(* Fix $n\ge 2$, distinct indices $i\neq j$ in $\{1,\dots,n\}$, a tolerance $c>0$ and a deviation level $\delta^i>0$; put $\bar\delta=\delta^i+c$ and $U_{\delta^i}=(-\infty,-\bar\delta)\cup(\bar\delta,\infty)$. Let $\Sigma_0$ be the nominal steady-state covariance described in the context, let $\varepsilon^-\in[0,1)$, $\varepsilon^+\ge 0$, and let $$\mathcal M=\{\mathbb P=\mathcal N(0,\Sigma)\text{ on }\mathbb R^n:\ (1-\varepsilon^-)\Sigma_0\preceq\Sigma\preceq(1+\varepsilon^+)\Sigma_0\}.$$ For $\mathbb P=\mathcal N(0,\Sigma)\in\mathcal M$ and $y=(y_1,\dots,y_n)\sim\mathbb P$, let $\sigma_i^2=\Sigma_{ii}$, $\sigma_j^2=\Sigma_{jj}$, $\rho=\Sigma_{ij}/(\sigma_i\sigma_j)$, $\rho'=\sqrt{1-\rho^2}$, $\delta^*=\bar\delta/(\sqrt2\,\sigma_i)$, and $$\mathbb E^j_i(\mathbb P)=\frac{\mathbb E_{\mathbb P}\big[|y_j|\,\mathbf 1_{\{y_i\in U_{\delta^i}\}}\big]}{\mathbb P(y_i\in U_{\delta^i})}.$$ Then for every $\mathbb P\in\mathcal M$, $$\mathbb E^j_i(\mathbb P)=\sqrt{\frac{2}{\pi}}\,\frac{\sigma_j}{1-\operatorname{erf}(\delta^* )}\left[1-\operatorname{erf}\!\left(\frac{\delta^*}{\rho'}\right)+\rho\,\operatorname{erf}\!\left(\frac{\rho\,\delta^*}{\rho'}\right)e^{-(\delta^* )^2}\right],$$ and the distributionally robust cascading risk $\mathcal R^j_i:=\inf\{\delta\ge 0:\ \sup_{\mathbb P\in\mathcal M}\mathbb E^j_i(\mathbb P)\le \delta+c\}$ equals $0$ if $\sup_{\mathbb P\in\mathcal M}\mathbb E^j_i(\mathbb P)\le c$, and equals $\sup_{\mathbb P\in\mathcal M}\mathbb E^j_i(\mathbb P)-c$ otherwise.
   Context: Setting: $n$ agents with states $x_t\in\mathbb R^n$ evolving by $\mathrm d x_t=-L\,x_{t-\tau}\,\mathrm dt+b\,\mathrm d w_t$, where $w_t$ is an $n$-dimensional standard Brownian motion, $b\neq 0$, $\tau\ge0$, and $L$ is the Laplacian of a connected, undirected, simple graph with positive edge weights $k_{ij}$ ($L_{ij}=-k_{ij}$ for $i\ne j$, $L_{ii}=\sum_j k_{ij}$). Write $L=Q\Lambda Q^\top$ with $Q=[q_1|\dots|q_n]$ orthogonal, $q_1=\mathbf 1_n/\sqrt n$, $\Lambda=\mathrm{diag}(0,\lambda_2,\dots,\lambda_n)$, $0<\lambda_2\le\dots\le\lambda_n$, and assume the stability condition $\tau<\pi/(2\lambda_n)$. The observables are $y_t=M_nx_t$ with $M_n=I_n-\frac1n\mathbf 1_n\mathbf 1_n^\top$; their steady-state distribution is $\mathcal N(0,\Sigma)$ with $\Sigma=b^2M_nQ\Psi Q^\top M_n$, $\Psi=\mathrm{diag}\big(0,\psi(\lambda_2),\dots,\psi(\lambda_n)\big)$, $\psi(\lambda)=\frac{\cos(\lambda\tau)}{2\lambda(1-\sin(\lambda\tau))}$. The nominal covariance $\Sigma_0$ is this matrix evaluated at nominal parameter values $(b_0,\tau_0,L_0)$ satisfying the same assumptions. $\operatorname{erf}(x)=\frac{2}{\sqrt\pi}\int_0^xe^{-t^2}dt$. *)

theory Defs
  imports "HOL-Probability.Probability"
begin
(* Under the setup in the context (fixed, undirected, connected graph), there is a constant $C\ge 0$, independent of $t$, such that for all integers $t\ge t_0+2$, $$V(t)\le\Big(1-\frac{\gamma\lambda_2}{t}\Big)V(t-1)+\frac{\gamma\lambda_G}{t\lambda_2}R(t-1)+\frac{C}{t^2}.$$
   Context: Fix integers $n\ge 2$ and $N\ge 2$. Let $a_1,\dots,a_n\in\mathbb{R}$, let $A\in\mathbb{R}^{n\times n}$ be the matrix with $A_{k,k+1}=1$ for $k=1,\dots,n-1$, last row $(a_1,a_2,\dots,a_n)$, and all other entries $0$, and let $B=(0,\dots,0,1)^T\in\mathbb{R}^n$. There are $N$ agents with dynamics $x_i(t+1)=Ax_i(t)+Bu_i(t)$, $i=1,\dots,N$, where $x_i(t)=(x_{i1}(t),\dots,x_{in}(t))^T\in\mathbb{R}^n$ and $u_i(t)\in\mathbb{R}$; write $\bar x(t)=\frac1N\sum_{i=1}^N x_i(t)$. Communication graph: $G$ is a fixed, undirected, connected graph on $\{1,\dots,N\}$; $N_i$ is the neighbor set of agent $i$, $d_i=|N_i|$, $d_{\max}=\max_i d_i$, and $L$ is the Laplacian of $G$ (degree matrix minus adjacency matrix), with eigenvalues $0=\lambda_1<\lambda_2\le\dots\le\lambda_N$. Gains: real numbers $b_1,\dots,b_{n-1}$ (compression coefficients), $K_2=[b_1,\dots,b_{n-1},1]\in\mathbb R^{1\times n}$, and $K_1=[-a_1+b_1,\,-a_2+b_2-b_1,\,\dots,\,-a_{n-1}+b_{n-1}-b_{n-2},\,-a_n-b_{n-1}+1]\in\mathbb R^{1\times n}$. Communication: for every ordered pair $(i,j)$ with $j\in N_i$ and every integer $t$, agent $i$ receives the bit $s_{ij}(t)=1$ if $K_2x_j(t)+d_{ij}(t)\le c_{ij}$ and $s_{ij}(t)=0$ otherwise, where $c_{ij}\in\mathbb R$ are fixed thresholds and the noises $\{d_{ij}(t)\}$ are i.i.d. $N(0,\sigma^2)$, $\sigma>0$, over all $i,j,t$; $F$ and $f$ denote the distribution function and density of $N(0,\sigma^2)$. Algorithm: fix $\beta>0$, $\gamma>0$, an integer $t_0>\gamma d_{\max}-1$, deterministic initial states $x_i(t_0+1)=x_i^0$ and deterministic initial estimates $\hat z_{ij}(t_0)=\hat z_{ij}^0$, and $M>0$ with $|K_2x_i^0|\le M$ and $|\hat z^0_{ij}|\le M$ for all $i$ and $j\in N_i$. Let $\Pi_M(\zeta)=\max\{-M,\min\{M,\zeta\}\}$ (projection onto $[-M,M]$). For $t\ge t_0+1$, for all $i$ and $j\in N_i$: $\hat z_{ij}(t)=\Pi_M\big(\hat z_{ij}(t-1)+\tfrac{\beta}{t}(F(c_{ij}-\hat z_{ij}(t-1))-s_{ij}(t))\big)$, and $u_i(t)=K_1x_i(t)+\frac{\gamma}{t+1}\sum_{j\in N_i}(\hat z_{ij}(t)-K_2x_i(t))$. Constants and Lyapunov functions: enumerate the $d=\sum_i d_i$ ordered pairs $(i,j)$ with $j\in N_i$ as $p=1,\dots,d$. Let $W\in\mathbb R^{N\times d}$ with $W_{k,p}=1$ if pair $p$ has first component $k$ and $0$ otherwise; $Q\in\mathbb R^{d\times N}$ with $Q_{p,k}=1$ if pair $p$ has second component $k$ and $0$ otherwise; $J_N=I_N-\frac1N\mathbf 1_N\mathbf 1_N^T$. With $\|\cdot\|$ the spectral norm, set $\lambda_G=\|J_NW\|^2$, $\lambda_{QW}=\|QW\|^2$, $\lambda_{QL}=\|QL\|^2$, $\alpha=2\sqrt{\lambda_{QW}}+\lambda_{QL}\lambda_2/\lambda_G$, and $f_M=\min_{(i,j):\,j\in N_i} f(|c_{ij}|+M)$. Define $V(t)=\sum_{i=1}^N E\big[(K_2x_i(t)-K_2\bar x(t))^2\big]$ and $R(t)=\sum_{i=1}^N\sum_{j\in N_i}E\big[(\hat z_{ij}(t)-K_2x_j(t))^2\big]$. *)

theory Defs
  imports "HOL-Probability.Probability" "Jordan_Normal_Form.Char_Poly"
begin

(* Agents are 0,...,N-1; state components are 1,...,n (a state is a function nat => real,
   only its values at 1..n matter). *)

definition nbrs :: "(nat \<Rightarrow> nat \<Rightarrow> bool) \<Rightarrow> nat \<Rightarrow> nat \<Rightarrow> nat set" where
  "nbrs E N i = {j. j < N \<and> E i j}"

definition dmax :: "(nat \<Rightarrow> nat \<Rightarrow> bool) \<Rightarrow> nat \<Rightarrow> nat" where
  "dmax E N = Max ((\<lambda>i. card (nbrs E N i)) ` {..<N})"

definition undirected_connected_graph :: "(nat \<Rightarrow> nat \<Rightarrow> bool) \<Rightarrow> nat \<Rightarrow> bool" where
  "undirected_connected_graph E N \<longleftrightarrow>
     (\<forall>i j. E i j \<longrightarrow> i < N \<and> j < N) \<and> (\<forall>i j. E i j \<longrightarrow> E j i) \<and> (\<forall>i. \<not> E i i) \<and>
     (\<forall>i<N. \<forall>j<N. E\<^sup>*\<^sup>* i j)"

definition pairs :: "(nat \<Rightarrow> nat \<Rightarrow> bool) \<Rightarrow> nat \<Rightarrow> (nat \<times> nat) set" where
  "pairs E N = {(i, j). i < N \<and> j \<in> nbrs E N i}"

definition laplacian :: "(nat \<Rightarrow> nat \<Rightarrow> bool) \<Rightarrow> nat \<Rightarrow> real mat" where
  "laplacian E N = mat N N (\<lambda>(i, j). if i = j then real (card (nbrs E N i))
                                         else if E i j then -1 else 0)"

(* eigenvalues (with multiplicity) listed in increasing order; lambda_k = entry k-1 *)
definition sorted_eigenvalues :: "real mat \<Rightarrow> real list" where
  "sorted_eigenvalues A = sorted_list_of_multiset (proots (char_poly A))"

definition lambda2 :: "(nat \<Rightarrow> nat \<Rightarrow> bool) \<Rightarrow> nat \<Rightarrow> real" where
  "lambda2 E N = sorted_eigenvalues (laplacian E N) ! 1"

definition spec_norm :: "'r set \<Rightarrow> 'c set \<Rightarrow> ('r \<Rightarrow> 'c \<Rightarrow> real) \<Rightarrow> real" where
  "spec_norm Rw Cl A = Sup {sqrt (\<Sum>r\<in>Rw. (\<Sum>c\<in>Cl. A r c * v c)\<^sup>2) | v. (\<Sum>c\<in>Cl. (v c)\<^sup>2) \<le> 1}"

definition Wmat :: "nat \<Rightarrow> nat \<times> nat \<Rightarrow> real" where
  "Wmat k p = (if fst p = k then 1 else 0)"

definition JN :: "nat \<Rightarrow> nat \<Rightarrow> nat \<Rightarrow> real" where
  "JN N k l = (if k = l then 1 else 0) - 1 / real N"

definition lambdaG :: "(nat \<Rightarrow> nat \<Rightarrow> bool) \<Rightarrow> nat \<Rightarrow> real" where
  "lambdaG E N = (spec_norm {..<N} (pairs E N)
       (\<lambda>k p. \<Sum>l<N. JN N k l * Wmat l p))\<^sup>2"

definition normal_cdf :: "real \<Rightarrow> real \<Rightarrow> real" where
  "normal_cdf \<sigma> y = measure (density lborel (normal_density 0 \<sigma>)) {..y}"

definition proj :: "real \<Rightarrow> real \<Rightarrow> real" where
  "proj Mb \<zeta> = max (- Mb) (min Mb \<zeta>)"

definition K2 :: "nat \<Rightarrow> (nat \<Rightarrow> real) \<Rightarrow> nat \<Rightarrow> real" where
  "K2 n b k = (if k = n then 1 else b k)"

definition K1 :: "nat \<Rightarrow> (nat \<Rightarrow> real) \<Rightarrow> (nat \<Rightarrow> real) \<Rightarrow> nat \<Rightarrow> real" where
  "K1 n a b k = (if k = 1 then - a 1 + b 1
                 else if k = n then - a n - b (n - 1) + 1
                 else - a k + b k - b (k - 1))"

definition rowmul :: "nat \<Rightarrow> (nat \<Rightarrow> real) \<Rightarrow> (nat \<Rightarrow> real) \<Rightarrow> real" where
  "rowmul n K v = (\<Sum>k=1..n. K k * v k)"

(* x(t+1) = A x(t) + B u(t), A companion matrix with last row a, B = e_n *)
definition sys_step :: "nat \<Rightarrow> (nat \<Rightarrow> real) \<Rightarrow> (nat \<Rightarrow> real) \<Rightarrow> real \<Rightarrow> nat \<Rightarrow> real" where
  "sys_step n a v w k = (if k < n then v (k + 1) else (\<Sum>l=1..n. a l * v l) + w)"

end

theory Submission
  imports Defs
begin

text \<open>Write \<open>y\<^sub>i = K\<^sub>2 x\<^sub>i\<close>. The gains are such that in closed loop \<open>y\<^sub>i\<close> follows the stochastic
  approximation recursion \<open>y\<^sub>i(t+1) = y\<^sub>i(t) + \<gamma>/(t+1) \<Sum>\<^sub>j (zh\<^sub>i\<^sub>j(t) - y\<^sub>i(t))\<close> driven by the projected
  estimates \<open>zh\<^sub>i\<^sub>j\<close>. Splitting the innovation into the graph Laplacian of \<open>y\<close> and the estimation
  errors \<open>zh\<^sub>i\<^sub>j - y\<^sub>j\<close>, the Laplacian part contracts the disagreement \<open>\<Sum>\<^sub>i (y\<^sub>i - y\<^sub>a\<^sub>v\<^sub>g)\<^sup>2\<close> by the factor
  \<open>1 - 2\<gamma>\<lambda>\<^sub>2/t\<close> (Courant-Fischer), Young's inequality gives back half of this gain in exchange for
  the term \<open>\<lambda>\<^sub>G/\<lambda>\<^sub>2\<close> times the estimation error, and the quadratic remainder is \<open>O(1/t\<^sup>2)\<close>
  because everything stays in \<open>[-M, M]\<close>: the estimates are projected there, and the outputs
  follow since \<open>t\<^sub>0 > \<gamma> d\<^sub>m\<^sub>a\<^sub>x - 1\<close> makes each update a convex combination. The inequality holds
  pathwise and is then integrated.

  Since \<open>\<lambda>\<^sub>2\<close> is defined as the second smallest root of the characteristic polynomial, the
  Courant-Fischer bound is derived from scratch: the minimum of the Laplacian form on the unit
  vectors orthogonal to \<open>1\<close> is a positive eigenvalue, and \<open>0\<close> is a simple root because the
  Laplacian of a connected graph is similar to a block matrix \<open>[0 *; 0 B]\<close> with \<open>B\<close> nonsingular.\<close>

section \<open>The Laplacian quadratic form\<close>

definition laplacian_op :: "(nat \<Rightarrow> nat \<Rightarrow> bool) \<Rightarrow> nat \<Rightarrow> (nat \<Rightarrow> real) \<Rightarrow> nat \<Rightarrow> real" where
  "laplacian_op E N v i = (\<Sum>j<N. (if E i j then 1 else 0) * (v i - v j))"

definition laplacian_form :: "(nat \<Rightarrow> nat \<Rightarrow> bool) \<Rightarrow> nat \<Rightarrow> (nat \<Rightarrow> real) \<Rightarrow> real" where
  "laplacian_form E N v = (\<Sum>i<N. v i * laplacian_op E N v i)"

▬▬▬

§ Instructions to follow:
Wherever the word "Fischer" turns up in the material, copy the whole line.

§ Task solution:
  \<open>1 - 2\<gamma>\<lambda>\<^sub>2/t\<close> (Courant-Fischer), Young's inequality gives back half of this gain in exchange for
  Courant-Fischer bound is derived from scratch: the minimum of the Laplacian form on the unit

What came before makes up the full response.